Exercise prompt: Return every line of the data that contains the string "symmetric".

*** Opening of Entries provided ***

lemma partial_Ssum_Suc [simp]:
  "partial_Ssum xi w (Suc n) =
     partial_Ssum xi w n + (if xi (Suc n) w = 1 then 2 powr psum xi w n else 0)"
  by (simp add: partial_Ssum_def)

lemma partial_Ssum_mono: "m \<le> n \<Longrightarrow> partial_Ssum xi w m \<le> partial_Ssum xi w n"
  unfolding partial_Ssum_def by (rule sum_mono2) auto

lemma Ssum_eq_SUP_partial_Ssum: "Ssum xi w = (SUP n. ennreal (partial_Ssum xi w n))"
  unfolding Ssum_def partial_Ssum_def by (simp add: suminf_eq_SUP sum_ennreal)

lemma wealth_eq_partial_Ssum:
  assumes "\<And>i. 1 \<le> i \<Longrightarrow> xi i w = 1 \<or> xi i w = -1"
  shows "wealth x xi w n = x - 2 - partial_Ssum xi w n + 2 * 2 powr psum xi w n"
proof (induction n)
  case (Suc n)
  have "xi (Suc n) w = 1 \<or> xi (Suc n) w = -1"
    using assms by simp
  then show ?case
    using Suc by (auto simp: bet_Suc_eq_powr_psum powr_add powr_minus)
qed simp

definition win_then_three_losses :: "(nat \<Rightarrow> 'a \<Rightarrow> real) \<Rightarrow> 'a \<Rightarrow> nat \<Rightarrow> bool" where
  "win_then_three_losses xi w n \<longleftrightarrow>
     xi (n + 1) w = 1 \<and> xi (n + 2) w = -1 \<and> xi (n + 3) w = -1 \<and> xi (n + 4) w = -1"

lemma wealth_after_win_then_three_losses:
  assumes "\<And>i. 1 \<le> i \<Longrightarrow> xi i w = 1 \<or> xi i w = -1"
    and "win_then_three_losses xi w n"
  shows "wealth x xi w (n + 4) < x - 2 - partial_Ssum xi w n"
proof -
  have n4: "n + 4 = Suc (Suc (Suc (Suc n)))"
    by simp
  have "partial_Ssum xi w (n + 4) = partial_Ssum xi w n + 2 powr psum xi w n"
    and "psum xi w (n + 4) = psum xi w n - 2"
    using assms(2) unfolding n4 win_then_three_losses_def by (simp_all add: numeral_eq_Suc)
  then have "wealth x xi w (n + 4) = x - 2 - partial_Ssum xi w n - 2 powr psum xi w n / 2"
    using wealth_eq_partial_Ssum[where xi = xi and w = w, OF assms(1)] by (simp add: powr_diff)
  then show ?thesis
    by simp
qed

lemma ruin_iff_Ssum_gt:
  assumes pm: "\<And>i. 1 \<le> i \<Longrightarrow> xi i w = 1 \<or> xi i w = -1"
    and pattern: "infinite {n. win_then_three_losses xi w n}"
    and "2 \<le> x"
  shows "(\<exists>n. wealth x xi w n \<le> 0) \<longleftrightarrow> ennreal (x - 2) < Ssum xi w"
proof
  assume "\<exists>n. wealth x xi w n \<le> 0"
  then obtain n where "wealth x xi w n \<le> 0"
    by blast
  then have "x - 2 < partial_Ssum xi w n"
    using wealth_eq_partial_Ssum[where xi = xi and w = w, OF pm, of x n]
      powr_gt_zero[of 2 "psum xi w n"] by linarith
  then have "ennreal (x - 2) < ennreal (partial_Ssum xi w n)"
    using \<open>2 \<le> x\<close> by (simp add: ennreal_lessI)
  also have "\<dots> \<le> Ssum xi w"
    unfolding Ssum_eq_SUP_partial_Ssum by (rule SUP_upper) simp
  finally show "ennreal (x - 2) < Ssum xi w" .
next
  assume "ennreal (x - 2) < Ssum xi w"
  then obtain N where "ennreal (x - 2) < ennreal (partial_Ssum xi w N)"
    unfolding Ssum_eq_SUP_partial_Ssum by (auto simp: less_SUP_iff)
  then have N: "x - 2 < partial_Ssum xi w N"
    using \<open>2 \<le> x\<close> by (simp add: ennreal_less_iff)
  obtain n where "win_then_three_losses xi w n" and "N \<le> n"
    using pattern by (auto simp: infinite_nat_iff_unbounded_le)
  moreover have "partial_Ssum xi w N \<le> partial_Ssum xi w n"
    using \<open>N \<le> n\<close> by (rule partial_Ssum_mono)
  ultimately have "wealth x xi w (n + 4) < x - 2 - partial_Ssum xi w N"
    using wealth_after_win_then_three_losses[where xi = xi and w = w, OF pm, of n x] by linarith
  with N show "\<exists>n. wealth x xi w n \<le> 0"
    by (intro exI[of _ "n + 4"]) simp
qed

lemma (in prob_space) AE_infinitely_often_indep_events:
  fixes E :: "nat \<Rightarrow> 'a set"
  assumes indep: "indep_events E UNIV"
    and "0 < c" and bound: "\<And>k. c \<le> prob (E k)"
  shows "AE w in M. infinite {k. w \<in> E k}"
proof -
  define A where "A n = (\<Union>k\<in>{n..}. E k)" for n
  have E_events: "E k \<in> events" for k
    using indep by (auto simp: indep_events_def)
  then have A_events: "range A \<subseteq> events"
    unfolding A_def by (auto intro!: sets.countable_UN')
  have "decseq A"
    unfolding A_def decseq_def by (auto 0 3 intro: order_trans)
  have "c \<le> prob (A n)" for n
    using bound[of n] finite_measure_mono[of "E n" "A n"] A_events by (force simp: A_def)
  then have "c \<le> prob (\<Inter>n. A n)"
    using finite_Lim_measure_decseq[OF A_events \<open>decseq A\<close>] by (intro LIMSEQ_le_const) auto
  then have "prob (\<Inter>n. A n) = 1"
    using borel_0_1_law[OF indep] \<open>0 < c\<close> by (auto simp: A_def)
  then have "AE w in M. w \<in> (\<Inter>n. A n)"
    using A_events by (subst prob_eq_1[symmetric]) auto
  then show ?thesis
    by eventually_elim (auto simp: A_def infinite_nat_iff_unbounded_le)
qed

lemma (in prob_space) indep_events_INT_blocks:
  fixes F :: "'i \<Rightarrow> 'a set" and B :: "'k \<Rightarrow> 'i set"
  assumes indep: "indep_events F I"
    and blocks: "\<And>k. B k \<subseteq> I" "\<And>k. finite (B k)" "\<And>k. B k \<noteq> {}"
    and "disjoint_family B"
  shows "indep_events (\<lambda>k. \<Inter>i\<in>B k. F i) UNIV"
proof -
  have prob_INT: "prob (\<Inter>i\<in>J. F i) = (\<Prod>i\<in>J. prob (F i))"
    if "J \<subseteq> I" "finite J" "J \<noteq> {}" for J
    using indep that by (auto simp: indep_events_def)
  have F_events: "F i \<in> events" if "i \<in> I" for i
    using indep that by (auto simp: indep_events_def)
  show ?thesis
  proof (rule indep_eventsI)
    show "(\<Inter>i\<in>B k. F i) \<in> events" for k
      using F_events blocks by (intro sets.finite_INT) blast+
  next
    fix K :: "'k set"
    assume K: "finite K" "K \<noteq> {}"
    have "prob (\<Inter>k\<in>K. \<Inter>i\<in>B k. F i) = prob (\<Inter>i\<in>(\<Union>k\<in>K. B k). F i)"
      by (simp only: INT_extend_simps(9))
    also have "\<dots> = (\<Prod>i\<in>(\<Union>k\<in>K. B k). prob (F i))"
      using K blocks by (intro prob_INT) auto
    also have "\<dots> = (\<Prod>k\<in>K. \<Prod>i\<in>B k. prob (F i))"
      using K blocks \<open>disjoint_family B\<close>
      by (intro prod.UNION_disjoint) (auto simp: disjoint_family_on_def)
    also have "\<dots> = (\<Prod>k\<in>K. prob (\<Inter>i\<in>B k. F i))"
      using blocks by (simp add: prob_INT)
    finally show "prob (\<Inter>k\<in>K. \<Inter>i\<in>B k. F i) = (\<Prod>k\<in>K. prob (\<Inter>i\<in>B k. F i))" .
  qed
qed

lemma (in prob_space) AE_infinitely_many_blocks:
  fixes F :: "'i \<Rightarrow> 'a set" and B :: "nat \<Rightarrow> 'i set"
  assumes indep: "indep_events F I"
    and blocks: "\<And>k. B k \<subseteq> I" "\<And>k. finite (B k)" "\<And>k. B k \<noteq> {}" "disjoint_family B"
    and card_B: "\<And>k. card (B k) \<le> L"
    and "0 < c" and bound: "\<And>i. i \<in> I \<Longrightarrow> c \<le> prob (F i)"
  shows "AE w in M. infinite {k. \<forall>i\<in>B k. w \<in> F i}"
proof -
  obtain i where "i \<in> I"
    using blocks(1,3) by blast
  then have "c \<le> 1"
    using bound prob_le_1 order_trans by blast
  have "c ^ L \<le> prob (\<Inter>i\<in>B k. F i)" for k
  proof -
    have "c ^ L \<le> c ^ card (B k)"
      using \<open>0 < c\<close> \<open>c \<le> 1\<close> card_B by (intro power_decreasing) auto
    also have "\<dots> \<le> (\<Prod>i\<in>B k. prob (F i))"
      using \<open>0 < c\<close> by (subst prod_constant[symmetric])
        (intro prod_mono conjI, simp, meson bound blocks(1) subsetD)
    also have "\<dots> = prob (\<Inter>i\<in>B k. F i)"
      using indep blocks by (auto simp: indep_events_def)
    finally show ?thesis .
  qed
  then have "AE w in M. infinite {k. w \<in> (\<Inter>i\<in>B k. F i)}"
    using \<open>0 < c\<close>
    by (intro AE_infinitely_often_indep_events[where c = "c ^ L"]
        indep_events_INT_blocks[OF indep blocks]) auto
  then show ?thesis
    by simp
qed

lemma (in prob_space) AE_coin_values:
  fixes xi :: "nat \<Rightarrow> 'a \<Rightarrow> real"
  assumes rv: "\<And>n. 1 \<le> n \<Longrightarrow> random_variable borel (xi n)"
    and law: "\<And>n. 1 \<le> n \<Longrightarrow> prob {w \<in> space M. xi n w = 1} + prob {w \<in> space M. xi n w = -1} = 1"
  shows "AE w in M. \<forall>i. 1 \<le> i \<longrightarrow> xi i w = 1 \<or> xi i w = -1"
proof -
  have "AE w in M. xi i w = 1 \<or> xi i w = -1" if "1 \<le> i" for i
  proof -
    have [measurable]: "xi i \<in> borel_measurable M"
      using rv that by simp
    have "prob ({w \<in> space M. xi i w = 1} \<union> {w \<in> space M. xi i w = -1}) = 1"
      using law[OF that] by (subst finite_measure_Union) auto
    then show ?thesis
      by (subst (asm) prob_eq_1) auto
  qed
  then show ?thesis
    by (auto simp: AE_all_countable)
qed

lemma (in prob_space) AE_infinitely_many_win_then_three_losses:
  fixes xi :: "nat \<Rightarrow> 'a \<Rightarrow> real"
  assumes indep: "indep_vars (\<lambda>_. borel) xi {1..}"
    and "0 < p" "p < 1"
    and win: "\<And>n. 1 \<le> n \<Longrightarrow> prob {w \<in> space M. xi n w = 1} = p"
    and loss: "\<And>n. 1 \<le> n \<Longrightarrow> prob {w \<in> space M. xi n w = -1} = 1 - p"
  shows "AE w in M. infinite {n. win_then_three_losses xi w n}"
proof -
  define v :: "nat \<Rightarrow> real" where "v i = (if i mod 4 = 1 then 1 else -1)" for i
  define B where "B k = {4 * k + 1 .. 4 * k + 4}" for k :: nat
  define G where "G w = {k. \<forall>i\<in>B k. w \<in> {w \<in> space M. xi i w = v i}}" for w
  have "AE w in M. infinite (G w)"
    unfolding G_def
  proof (rule AE_infinitely_many_blocks[where c = "min p (1 - p)" and L = 4])
    show "indep_events (\<lambda>i. {w \<in> space M. xi i w = v i}) {1..}"
      using indep by (rule indep_eventsI_indep_vars) simp
    show "disjoint_family B"
      by (auto simp: disjoint_family_on_def B_def)
    show "min p (1 - p) \<le> prob {w \<in> space M. xi i w = v i}" if "i \<in> {1..}" for i
      using win[of i] loss[of i] that by (simp add: v_def)
  qed (use \<open>0 < p\<close> \<open>p < 1\<close> in \<open>auto simp: B_def\<close>)
  then show ?thesis
  proof eventually_elim
    case (elim w)
    have "win_then_three_losses xi w (4 * k)" if "k \<in> G w" for k
    proof -
      have "(4 * k + 1) mod 4 = 1" "(4 * k + 2) mod 4 \<noteq> 1"
        "(4 * k + 3) mod 4 \<noteq> 1" "(4 * k + 4) mod 4 \<noteq> 1"
        by presburger+
      then have "v (4 * k + 1) = 1" "v (4 * k + 2) = -1" "v (4 * k + 3) = -1" "v (4 * k + 4) = -1"
        unfolding v_def by simp_all
      then show ?thesis
        using that by (simp add: win_then_three_losses_def G_def B_def)
    qed
    then have "(\<lambda>k. 4 * k) ` G w \<subseteq> {n. win_then_three_losses xi w n}"
      by auto
    moreover have "infinite ((\<lambda>k. 4 * k) ` G w)"
      using elim by (auto dest!: finite_imageD simp: inj_on_def)
    ultimately show ?case
      using finite_subset by blast
  qed
qed

lemma borel_measurable_psum:
  assumes "\<And>n. 1 \<le> n \<Longrightarrow> xi n \<in> borel_measurable M"
  shows "(\<lambda>w. psum xi w n) \<in> borel_measurable M"
  by (induction n) (simp_all add: assms borel_measurable_add)

lemma borel_measurable_wealth:
  assumes "\<And>n. 1 \<le> n \<Longrightarrow> xi n \<in> borel_measurable M"
  shows "(\<lambda>w. wealth x xi w n) \<in> borel_measurable M"
proof (induction n)
  case (Suc n)
  note [measurable] = Suc.IH assms[of "Suc n"] borel_measurable_psum[OF assms]
  show ?case
    unfolding wealth.simps bet_Suc_eq_powr_psum by measurable
qed simp

lemma borel_measurable_Ssum:
  assumes "\<And>n. 1 \<le> n \<Longrightarrow> xi n \<in> borel_measurable M"
  shows "Ssum xi \<in> borel_measurable M"
proof -
  note [measurable] = assms[of "Suc n" for n] borel_measurable_psum[OF assms]
  show ?thesis
    unfolding Ssum_def[abs_def] by measurable
qed

theorem lemma2p2:
  fixes M :: "'a measure" and xi :: "nat \<Rightarrow> 'a \<Rightarrow> real" and p x :: real
  assumes "prob_space M"
    and "0 < p" and "p < 1" and "x > 2"
    and "prob_space.indep_vars M (\<lambda>_. borel) xi {1..}"
    and "\<And>n. n \<ge> 1 \<Longrightarrow> measure M {w \<in> space M. xi n w = 1} = p"
    and "\<And>n. n \<ge> 1 \<Longrightarrow> measure M {w \<in> space M. xi n w = -1} = 1 - p"
  shows "measure M {w \<in> space M. \<exists>n. wealth x xi w n \<le> 0}
         = measure M {w \<in> space M. ennreal (x - 2) < Ssum xi w}"
proof -
  interpret prob_space M by fact
  have rv: "random_variable borel (xi n)" if "1 \<le> n" for n
    using assms(5) that by (simp add: indep_vars_def)
  note [measurable] = borel_measurable_wealth[OF rv] borel_measurable_Ssum[OF rv]
  have law: "prob {w \<in> space M. xi n w = 1} + prob {w \<in> space M. xi n w = -1} = 1"
    if "1 \<le> n" for n
    using assms(6,7) that by simp
  have "AE w in M. \<forall>i. 1 \<le> i \<longrightarrow> xi i w = 1 \<or> xi i w = -1"
    using rv law by (rule AE_coin_values)
  moreover have "AE w in M. infinite {n. win_then_three_losses xi w n}"
    using assms(5,2,3,6,7) by (rule AE_infinitely_many_win_then_three_losses)
  ultimately have "AE w in M. (\<exists>n. wealth x xi w n \<le> 0) \<longleftrightarrow> ennreal (x - 2) < Ssum xi w"
  proof eventually_elim
    case (elim w)
    then show ?case
      using \<open>x > 2\<close> by (intro ruin_iff_Ssum_gt) auto
  qed
  then show ?thesis
    by (intro measure_eq_AE) auto
qed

*** Close of Entries provided ***

Solution below:
    using A_events by (subst prob_eq_1[symmetric]) auto
      using \<open>0 < c\<close> by (subst prod_constant[symmetric])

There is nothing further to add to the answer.